Un hombre de 26 años y otro de 66 acusados de abusar sexualmente de una niña en la ciudad de Rafaela quedaron en prisión preventiva sin plazos. Así lo dispuso el juez de la Investigación Penal Preparatoria (IPP), Javier Bottero, al hacer lugar al pedido de la fiscal de la causa, Gabriela Lema, en el marco de las audiencias desarrolladas en los tribunales rafaelinos.
"El magistrado consideró que, en virtud de las evidencias reunidas, hay probabilidad cierta de que los imputados hayan cometido el hecho que se les atribuyó", precisó la funcionaria del Ministerio Público de la Acusación (MPA). Y en esa misma línea, explicó que el magistrado además "contempló que si los investigados son condenados, se les impondrán penas de cumplimiento efectivo".
Asimismo, Lema señaló que "para ordenar las privaciones de la libertad (también) se evaluaron los riesgos procesales". Al respecto, afirmó que "dado que la víctima aún no fue entrevistada en cámara Gesell y ambos imputados conocen los lugares que ella y sus allegados frecuentan, había altas posibilidades de entorpecimiento probatorio".
Y en relación al peligro de fuga, manifestó que "el juez tuvo en cuenta la falta de arraigo del hombre de 26 años (identificado con las iniciales A.R.B) y que el hombre de 63 (L.E.P) estuvo prófugo de la Justicia por varios días".

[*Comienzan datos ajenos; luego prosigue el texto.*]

(* The size $z_{SS}$ of the non-self-referencing LZSS factorization satisfies (the alphabet being allowed to contain as many distinct characters as needed): substitutions: $\liminf_{n\to\infty}\mathsf{MS}_{\mathrm{sub}}(z_{SS},n)\ge 3$, $\mathsf{AS}_{\mathrm{sub}}(z_{SS},n)\ge 2z_{SS}-\Theta(\sqrt{z_{SS}})$ and $\mathsf{AS}_{\mathrm{sub}}(z_{SS},n)=\Omega(\sqrt n)$; insertions: $\liminf_{n\to\infty}\mathsf{MS}_{\mathrm{ins}}(z_{SS},n)\ge 2$, $\mathsf{AS}_{\mathrm{ins}}(z_{SS},n)\ge z_{SS}-\Theta(\sqrt{z_{SS}})$ and $\mathsf{AS}_{\mathrm{ins}}(z_{SS},n)=\Omega(\sqrt n)$; deletions: $\liminf_{n\to\infty}\mathsf{MS}_{\mathrm{del}}(z_{SS},n)\ge 3$, $\mathsf{AS}_{\mathrm{del}}(z_{SS},n)\ge 2z_{SS}-\Theta(\sqrt{z_{SS}})$ and $\mathsf{AS}_{\mathrm{del}}(z_{SS},n)=\Omega(\sqrt n)$.
   Context: $\mathsf{ed}$ is the edit distance. $\mathsf{MS}_{\mathrm{sub}}(C,n)=\max_{T\in\Sigma^n}\{C(T')/C(T): T'\in\Sigma^n,\ \mathsf{ed}(T,T')=1\}$, with $\mathsf{MS}_{\mathrm{ins}},\mathsf{MS}_{\mathrm{del}}$ analogous for $T'$ of length $n+1$, resp. $n-1$, and $\mathsf{AS}_\ast$ analogous with $C(T')-C(T)$. Bounds in terms of $z_{SS}$ refer to $z_{SS}(T)$ of the original string and assert existence of strings $T$ (with $z_{SS}(T)$ arbitrarily large) and edited $T'$ achieving them. The non-self-referencing LZSS factorization of $T$ is $T=f_1\cdots f_z$ where each $f_i$ is either the first occurrence in $T$ of a character, or the longest prefix of $f_i\cdots f_z$ that occurs as a substring of $f_1\cdots f_{i-1}$; $z_{SS}(T)=z$. *)

theory Defs
  imports Complex_Main "HOL-Library.Sublist" "HOL-Library.Landau_Symbols" "HOL-Library.Liminf_Limsup" "HOL-Library.Extended_Real"
begin

fun ed :: "'a list \<Rightarrow> 'a list \<Rightarrow> nat" where
  "ed [] ys = length ys"
| "ed (x # xs) [] = length (x # xs)"
| "ed (x # xs) (y # ys) =
     min (min (Suc (ed xs (y # ys))) (Suc (ed (x # xs) ys)))
         (ed xs ys + (if x = y then 0 else 1))"

definition lpf :: "'a list \<Rightarrow> 'a list \<Rightarrow> nat" where
  "lpf p r = (GREATEST k. k \<le> length r \<and> sublist (take k r) p)"

lemma lpf_ge1:
  assumes "c \<in> set p"
  shows "1 \<le> lpf p (c # s)"
proof -
  obtain u v where "p = u @ c # v" using assms by (meson split_list)
  hence "sublist [c] p" unfolding sublist_def by (intro exI[of _ u] exI[of _ v]) simp
  hence P: "1 \<le> length (c#s) \<and> sublist (take 1 (c#s)) p" by simp
  show ?thesis unfolding lpf_def
    by (rule Greatest_le_nat[where P = "\<lambda>k. k \<le> length (c#s) \<and> sublist (take k (c#s)) p" and b = "length (c#s)", OF P]) simp
qed

text \<open>lzs p r: number of factors produced when factorizing the remaining suffix r,
  given the already factorized prefix p.\<close>
function lzs :: "'a list \<Rightarrow> 'a list \<Rightarrow> nat" where
  "lzs p [] = 0"
| "lzs p (c # s) =
     (if c \<notin> set p then Suc (lzs (p @ [c]) s)
      else Suc (lzs (p @ take (lpf p (c # s)) (c # s)) (drop (lpf p (c # s)) (c # s))))"
  by pat_completeness auto
termination
proof (relation "measure (\<lambda>(p, r). length r)")
  fix p :: "'a list" and c s
  assume "\<not> c \<notin> set p"
  hence "1 \<le> lpf p (c # s)" by (intro lpf_ge1) simp
  thus "((p @ take (lpf p (c # s)) (c # s), drop (lpf p (c # s)) (c # s)), p, c # s)
        \<in> measure (\<lambda>(p, r). length r)" by simp
qed auto

definition zss :: "'a list \<Rightarrow> nat" where
  "zss T = lzs [] T"

section \<open>Multiplicative and additive sensitivity (alphabet: nat, i.e. unboundedly many characters)\<close>

definition MS_sub :: "nat \<Rightarrow> real" where
  "MS_sub n = Sup {real (zss T') / real (zss T) | T T' :: nat list.
     length T = n \<and> length T' = n \<and> ed T T' = 1}"
definition MS_ins :: "nat \<Rightarrow> real" where
  "MS_ins n = Sup {real (zss T') / real (zss T) | T T' :: nat list.
     length T = n \<and> length T' = n + 1 \<and> ed T T' = 1}"
definition MS_del :: "nat \<Rightarrow> real" where
  "MS_del n = Sup {real (zss T') / real (zss T) | T T' :: nat list.
     length T = n \<and> length T' + 1 = n \<and> ed T T' = 1}"

definition AS_sub :: "nat \<Rightarrow> real" where
  "AS_sub n = Sup {real (zss T') - real (zss T) | T T' :: nat list.
     length T = n \<and> length T' = n \<and> ed T T' = 1}"
definition AS_ins :: "nat \<Rightarrow> real" where
  "AS_ins n = Sup {real (zss T') - real (zss T) | T T' :: nat list.
     length T = n \<and> length T' = n + 1 \<and> ed T T' = 1}"
definition AS_del :: "nat \<Rightarrow> real" where
  "AS_del n = Sup {real (zss T') - real (zss T) | T T' :: nat list.
     length T = n \<and> length T' + 1 = n \<and> ed T T' = 1}"

end

theory Submission
  imports Defs
begin

text \<open>
  The texts are \<open>T = 0\<^sup>K X Y 4 w\<^sub>1 \<dots> w\<^sub>k\<close> with words \<open>w\<^sub>i = 0\<^sup>i 1 Y[1..q(i)]\<close>, where
  \<open>X = 1\<close> in the original text and the edit replaces this \<open>1\<close> by \<open>5\<close>, deletes it, or inserts \<open>5\<close>
  in front of it. In the original text every word occurs in the prefix \<open>0\<^sup>K 1 Y 4\<close> and is a single
  phrase, while runs, the block \<open>Y\<close> and a padding run cost only logarithmically many phrases
  because repetitions are parsed by doubling. After the edit, \<open>0\<^sup>i 1\<close> and \<open>1 Y[1..q(i)] 0\<close> no longer
  occur before \<open>w\<^sub>i\<close>, so every word costs two phrases; for \<open>Y = (2\<^sup>r 3)\<^sup>r\<close> and
  \<open>q(i) = i(r + 2)\<close> without any \<open>1\<close> in the prefix even \<open>2\<^sup>r\<^sup>-\<^sup>i 3 2\<^sup>i\<^sup>+\<^sup>1 0\<close> is new, so every word costs
  three. With about \<open>r\<close> words and length \<open>\<Theta>(r\<^sup>3)\<close> this gives the multiplicative bounds and the
  additive bounds \<open>(c - 1) z - O(\<surd>z)\<close>; the texts with \<open>Y = 2\<^sup>m\<close> and \<open>q(i) = i\<close> have length
  \<open>\<Theta>(m\<^sup>2)\<close> and gain \<open>m - O(\<surd>m)\<close> phrases, i.e. \<open>\<Omega>(\<surd>n)\<close>.
\<close>

section \<open>Greedy LZSS parsing\<close>

lemma lpf_le_length: "lpf p r \<le> length r"
  and sublist_take_lpf: "sublist (take (lpf p r) r) p"
proof -
  have "lpf p r \<le> length r \<and> sublist (take (lpf p r) r) p"
    unfolding lpf_def by (rule GreatestI_nat[where k = 0 and b = "length r"]) auto
  thus "lpf p r \<le> length r" "sublist (take (lpf p r) r) p" by auto
qed

lemma le_lpfI: "k \<le> length r \<Longrightarrow> sublist (take k r) p \<Longrightarrow> k \<le> lpf p r"
  unfolding lpf_def by (rule Greatest_le_nat[where b = "length r"]) auto

lemma append_eq_append_cases:
  assumes "u @ s = f @ s'"
  obtains (shorter) u2 where "u = f @ u2" "s' = u2 @ s"
    | (longer) g where "f = u @ g" "s = g @ s'" "g \<noteq> []"
proof -
  obtain us where "u = f @ us \<and> us @ s = s' \<or> u @ us = f \<and> s = us @ s'"
    using assms by (auto simp: append_eq_append_conv2)
  thus thesis using that by (cases "us = []") auto
qed

lemma lzs_first_phrase:
  assumes "t \<noteq> []"
  obtains f s where "t = f @ s" "f \<noteq> []" "sublist f p \<or> length f = 1"
    "\<And>v. prefix v t \<Longrightarrow> sublist v p \<Longrightarrow> length v \<le> length f"
    "lzs p t = Suc (lzs (p @ f) s)"
proof -
  obtain c s where t: "t = c # s" using assms by (cases t) auto
  show thesis
  proof (cases "c \<in> set p")
    case True
    define L where "L = lpf p t"
    have "1 \<le> L" unfolding L_def t using True by (rule lpf_ge1)
    moreover have "L \<le> length t" unfolding L_def by (rule lpf_le_length)
    moreover have "length v \<le> L" if "prefix v t" "sublist v p" for v
      using that le_lpfI[of "length v" t p] by (auto simp: L_def prefix_def)
    ultimately show thesis
      using that[of "take L t" "drop L t"] sublist_take_lpf[of p t] True
      by (simp add: L_def t min_absorb1)
  next
    case False
    have "length v \<le> 1" if "prefix v t" "sublist v p" for v
    proof (cases v)
      case (Cons a v')
      hence "a = c" "a \<in> set p" using that t by (auto dest: set_mono_sublist)
      thus ?thesis using False by simp
    qed simp
    thus thesis using that[of "[c]" s] False t by auto
  qed
qed

declare lzs.simps(2) [simp del]

lemma lzs_pos: "s \<noteq> [] \<Longrightarrow> 1 \<le> lzs p s"
  by (metis One_nat_def Suc_le_mono le0 lzs_first_phrase)

text \<open>Greedy parsing is optimal.\<close>
lemma lzs_append_dict_le: "lzs (p @ u) s \<le> lzs p (u @ s)"
proof (induction "length (u @ s)" arbitrary: p u s rule: less_induct)
  case less
  show ?case
  proof (cases "u = []")
    case False
    then obtain f s' where fs: "u @ s = f @ s'" "f \<noteq> []" "sublist f p \<or> length f = 1"
      "lzs p (u @ s) = Suc (lzs (p @ f) s')"
      using lzs_first_phrase[of "u @ s" p] by (metis append_is_Nil_conv)
    from fs(1) show ?thesis
    proof (cases rule: append_eq_append_cases)
      case (shorter u2)
      thus ?thesis using less[of u2 s "p @ f"] fs by simp
    next
      case (longer g)
      have "sublist f p" using fs(3) longer \<open>u \<noteq> []\<close> by (cases u) auto
      hence "sublist g (p @ u)"
        using longer(1) by (metis sublist_append_leftI sublist_append_rightI sublist_order.order_trans)
      obtain h s'' where hs: "g @ s' = h @ s''" "length g \<le> length h"
        "lzs (p @ u) (g @ s') = Suc (lzs (p @ u @ h) s'')"
      proof (rule lzs_first_phrase[of "g @ s'" "p @ u"])
        fix h s'' assume h: "g @ s' = h @ s''" "lzs (p @ u) (g @ s') = Suc (lzs ((p @ u) @ h) s'')"
          and longest: "\<And>v. prefix v (g @ s') \<Longrightarrow> sublist v (p @ u) \<Longrightarrow> length v \<le> length h"
        have "length g \<le> length h" by (rule longest) (simp_all add: \<open>sublist g (p @ u)\<close>)
        with h show thesis by (intro that) simp_all
      qed (use longer in simp)
      from hs(1,2) obtain h' where "h = g @ h'" "s' = h' @ s''"
        by (auto elim: append_eq_append_cases)
      moreover have "lzs (p @ u @ g @ h') s'' \<le> lzs (p @ u @ g) (h' @ s'')"
        using less[of h' s'' "p @ u @ g"] longer \<open>s' = h' @ s''\<close> by simp
      ultimately show ?thesis using fs(4) longer hs by simp
    qed
  qed simp
qed

lemma lzs_phrase_le:
  assumes "u \<noteq> []" "sublist u p \<or> length u = 1"
  shows "lzs p (u @ s) \<le> Suc (lzs (p @ u) s)"
proof (rule lzs_first_phrase[of "u @ s" p])
  fix f s' assume f: "u @ s = f @ s'" "f \<noteq> []" "lzs p (u @ s) = Suc (lzs (p @ f) s')"
    and longest: "\<And>v. prefix v (u @ s) \<Longrightarrow> sublist v p \<Longrightarrow> length v \<le> length f"
  have "length u \<le> length f"
  proof (cases "sublist u p")
    case True thus ?thesis using longest[of u] by simp
  next
    case False thus ?thesis using assms(2) f(2) by (cases f) auto
  qed
  then obtain g where "f = u @ g" "s = g @ s'"
    using f(1) by (auto elim: append_eq_append_cases)
  thus ?thesis using f(3) lzs_append_dict_le[of "p @ u" g s'] by simp
qed (use assms in simp)

lemma lzs_not_extendable_ge:
  assumes "u \<noteq> []" and no_extension: "s = [] \<or> \<not> sublist (u @ [hd s]) p"
  shows "Suc (lzs (p @ u) s) \<le> lzs p (u @ s)"
proof (rule lzs_first_phrase[of "u @ s" p])
  fix f s' assume f: "u @ s = f @ s'" "f \<noteq> []" "sublist f p \<or> length f = 1"
    "lzs p (u @ s) = Suc (lzs (p @ f) s')"
  from f(1) show ?thesis
  proof (cases rule: append_eq_append_cases)
    case (shorter u2)
    thus ?thesis using f(4) lzs_append_dict_le[of "p @ f" u2 s] by simp
  next
    case (longer g)
    hence "sublist (u @ [hd s]) f" using assms(1)
      by (metis append.assoc hd_append2 list.collapse append_Cons append_Nil sublist_append_rightI
          sublist_appendI)
    moreover have "sublist f p" using f(3) longer assms(1) by (cases u) auto
    ultimately show ?thesis using no_extension longer by (auto dest: sublist_order.order_trans)
  qed
qed (use assms in simp)

lemma lzs_append_le: "lzs p (u @ s) \<le> lzs p u + lzs (p @ u) s"
proof (induction "length u" arbitrary: p u rule: less_induct)
  case less
  show ?case
  proof (cases "u = []")
    case False
    then obtain f u' where f: "u = f @ u'" "f \<noteq> []" "sublist f p \<or> length f = 1"
      "lzs p u = Suc (lzs (p @ f) u')"
      by (rule lzs_first_phrase)
    have "lzs p (u @ s) \<le> Suc (lzs (p @ f) (u' @ s))"
      using lzs_phrase_le[OF f(2,3), of "u' @ s"] f(1) by simp
    also have "\<dots> \<le> Suc (lzs (p @ f) u' + lzs (p @ f @ u') s)"
      using less[of u' "p @ f"] f(1,2) by simp
    finally show ?thesis using f(1,4) by simp
  qed simp
qed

La representante del MPA detalló que "el hecho que investigamos fue cometido entre las 15.30 y 18.30 del domingo 31 de julio de este año en el asentamiento comúnmente denominado Villa Norte”.
"Los atacantes llevaron a cabo la conducta delictiva mientras estaban sentados junto a la niña en la vereda de la casa en la que vive", sostuvo Lema. Agregó que "vulneraron la integridad sexual de la víctima y, para que ella guardara silencio sobre su padecimiento, le prometieron regalarle dulces y útiles para la escuela".

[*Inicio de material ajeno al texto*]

lemma bounded_var_rat_lim: "bounded_var_on rat_lim rat01 V"
  unfolding bounded_var_on_def
proof (intro allI impI)
  fix xs assume xs: "sorted xs" "set xs \<subseteq> rat01"
  have "(\<lambda>k. list_var (pval (hs (\<sigma> k))) xs) \<longlonglongrightarrow> list_var rat_lim xs"
    using xs(2) by (intro list_var_tendsto rat_lim_tendsto) auto
  moreover have "list_var (pval (hs (\<sigma> k))) xs \<le> V" for k
    using bounded_var[of "\<sigma> k"] xs unfolding bounded_var_on_def rat01_def by auto
  ultimately show "list_var rat_lim xs \<le> V" using LIMSEQ_le_const2 by blast
qed

lemma H_right_limit:
  assumes "0 \<le> t" "t < 1"
  shows "(rat_lim \<longlongrightarrow> H t) (at t within (rat01 \<inter> {t<..}))"
proof -
  obtain l where l: "(rat_lim \<longlongrightarrow> l) (at t within (rat01 \<inter> {t<..}))"
    using bounded_var_on_right_limit[OF bounded_var_rat_lim at_right_within_rat01_nontrivial[OF assms]]
    by blast
  moreover have "H t = l"
    using assms l at_right_within_rat01_nontrivial[OF assms] by (simp add: H_def tendsto_Lim)
  ultimately show ?thesis by simp
qed

lemma rat_lim_tendsto_H:
  assumes "0 \<le> t" "t < 1" "\<And>k. q k \<in> rat01" "\<And>k. t < q k" "q \<longlonglongrightarrow> t"
  shows "(\<lambda>k. rat_lim (q k)) \<longlonglongrightarrow> H t"
proof -
  have "filterlim q (at t within (rat01 \<inter> {t<..})) sequentially"
    using assms(3-5) by (intro filterlim_at_withinI always_eventually) auto
  then show ?thesis by (rule filterlim_compose[OF H_right_limit[OF assms(1,2)]])
qed

lemma H_1: "(\<lambda>k. hs (\<sigma> k) 1) \<longlonglongrightarrow> H 1"
  using rat_lim_tendsto[of 1] by (simp add: H_def rat01_def pval_def)

lemma H_outside: "t \<notin> {0..1} \<Longrightarrow> H t = 0"
  by (auto simp: H_def)

lemma H_norm_le:
  assumes s: "0 \<le> s" "s < b" "b \<le> 1"
    and bound: "\<And>q. q \<in> rat01 \<Longrightarrow> s < q \<Longrightarrow> q < b \<Longrightarrow> norm (rat_lim q - c) \<le> e"
  shows "norm (H s - c) \<le> e"
proof -
  have s1: "s < 1" using s by simp
  have "H s \<in> cball c e"
  proof (rule Lim_in_closed_set[OF closed_cball _ at_right_within_rat01_nontrivial[OF s(1) s1]
        H_right_limit[OF s(1) s1]])
    have "\<forall>\<^sub>F q in at s within (rat01 \<inter> {s<..}). q \<in> rat01 \<inter> {s<..}"
      by (simp add: eventually_at_filter)
    moreover have "\<forall>\<^sub>F q in at s within (rat01 \<inter> {s<..}). q < b"
      by (rule order_tendstoD(2)[OF tendsto_ident_at s(2)])
    ultimately show "\<forall>\<^sub>F q in at s within (rat01 \<inter> {s<..}). rat_lim q \<in> cball c e"
    proof eventually_elim
      case (elim q)
      then show ?case using bound[of q] by (simp add: dist_norm norm_minus_commute)
    qed
  qed
  then show ?thesis by (simp add: dist_norm norm_minus_commute)
qed

lemma H_continuous_right:
  assumes t: "0 \<le> t" "t < 1"
  shows "continuous (at_right t) H"
  unfolding continuous_within
proof (rule tendstoI)
  fix \<epsilon> :: real assume "\<epsilon> > 0"
  have "\<forall>\<^sub>F q in at t within (rat01 \<inter> {t<..}). dist (rat_lim q) (H t) < \<epsilon> / 2"
    using H_right_limit[OF t] \<open>\<epsilon> > 0\<close> by (intro tendstoD) auto
  then obtain d where "d > 0" and d: "\<And>q. q \<in> rat01 \<inter> {t<..} \<Longrightarrow> q \<noteq> t \<Longrightarrow> dist q t < d \<Longrightarrow>
      dist (rat_lim q) (H t) < \<epsilon> / 2"
    unfolding eventually_at by blast
  have "\<forall>\<^sub>F s in at_right t. s \<in> {t<..<min (t + d) 1}"
    using \<open>d > 0\<close> t by (intro eventually_at_right_real) simp
  then show "\<forall>\<^sub>F s in at_right t. dist (H s) (H t) < \<epsilon>"
  proof eventually_elim
    case (elim s)
    have "norm (H s - H t) \<le> \<epsilon> / 2"
    proof (rule H_norm_le[of s "min (t + d) 1"])
      fix q assume "q \<in> rat01" "s < q" "q < min (t + d) 1"
      then show "norm (rat_lim q - H t) \<le> \<epsilon> / 2"
        using elim d[of q] by (simp add: dist_real_def dist_norm)
    qed (use elim t in auto)
    then show ?case using \<open>\<epsilon> > 0\<close> by (simp add: dist_norm)
  qed
qed

lemma H_cadlag01:
  assumes BV: "bounded_var_on (pval H) {0..1} W"
  shows "H \<in> cadlag01"
proof -
  have "\<exists>l. (H \<longlongrightarrow> l) (at_left t)" if t: "0 < t" "t \<le> 1" for t
  proof -
    have "at t within ({0..1} \<inter> {..<t}) = at_left t"
      by (rule at_within_nhd[of _ "{0<..<2}"]) (use t in auto)
    moreover have "at_left t \<noteq> (bot :: real filter)" by simp
    ultimately obtain l where "(pval H \<longlongrightarrow> l) (at_left t)"
      using bounded_var_on_left_limit[OF BV, of t] by auto
    moreover have "\<forall>\<^sub>F s in at_left t. pval H s = H s"
      using eventually_at_left_real[OF t(1)] by eventually_elim (simp add: pval_def)
    ultimately have "(H \<longlongrightarrow> l) (at_left t)" by (rule Lim_transform_eventually)
    then show ?thesis ..
  qed
  then show ?thesis
    using H_continuous_right H_outside by (auto simp: cadlag01_def)
qed

context
  fixes M :: "'b measure" and X :: "'b \<Rightarrow> 'a" and L :: real and e :: "nat \<Rightarrow> real"
  assumes prob: "prob_space M"
    and ID_le: "\<And>n. ID M X (hs n) \<le> ereal (L + e n)" and e: "e \<longlonglongrightarrow> 0"
begin

lemma list_rate_rat_lim_le:
  assumes xs: "sorted_wrt (<) xs" "set xs \<subseteq> rat01" "0 \<in> set xs" "1 \<in> set xs"
  shows "list_rate M X rat_lim xs \<le> ereal L"
proof -
  have "list_rate M X rat_lim xs \<le> liminf (\<lambda>k. list_rate M X (pval (hs (\<sigma> k))) xs)"
    using xs by (intro list_rate_lsc[OF prob] rat_lim_tendsto) (auto simp: strict_sorted_iff)
  also have "\<dots> \<le> ereal L"
  proof (rule Liminf_le_of_tendsto_bound)
    show "list_rate M X (pval (hs (\<sigma> k))) xs \<le> ereal (L + e (\<sigma> k))" for k
      using xs ID_le[of "\<sigma> k"] by (intro order_trans[OF list_rate_le_ID]) (auto simp: rat01_def)
    show "(\<lambda>k. e (\<sigma> k)) \<longlonglongrightarrow> 0"
      using LIMSEQ_subseq_LIMSEQ[OF e subseq] by (simp add: comp_def)
  qed
  finally show ?thesis .
qed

La fiscal destacó que "si bien el abuso no fue con acceso carnal, tuvo entidad suficiente para alterar el libre y progresivo desarrollo de la sexualidad de la niña". En tal sentido, señaló que los imputados, a quienes se le endilga el delito de ser coautores de abuso sexual simple agravado, "actuaron en un contexto de violencia de género en el que se evidenció una clara desigualdad de poder entre ellos y la víctima".
Por último, la funcionaria judicial valoró que "la niña logró hablar con su abuelo sobre lo ocurrido", y mencionó que "de inmediato se radicó la denuncia que dio origen a la investigación".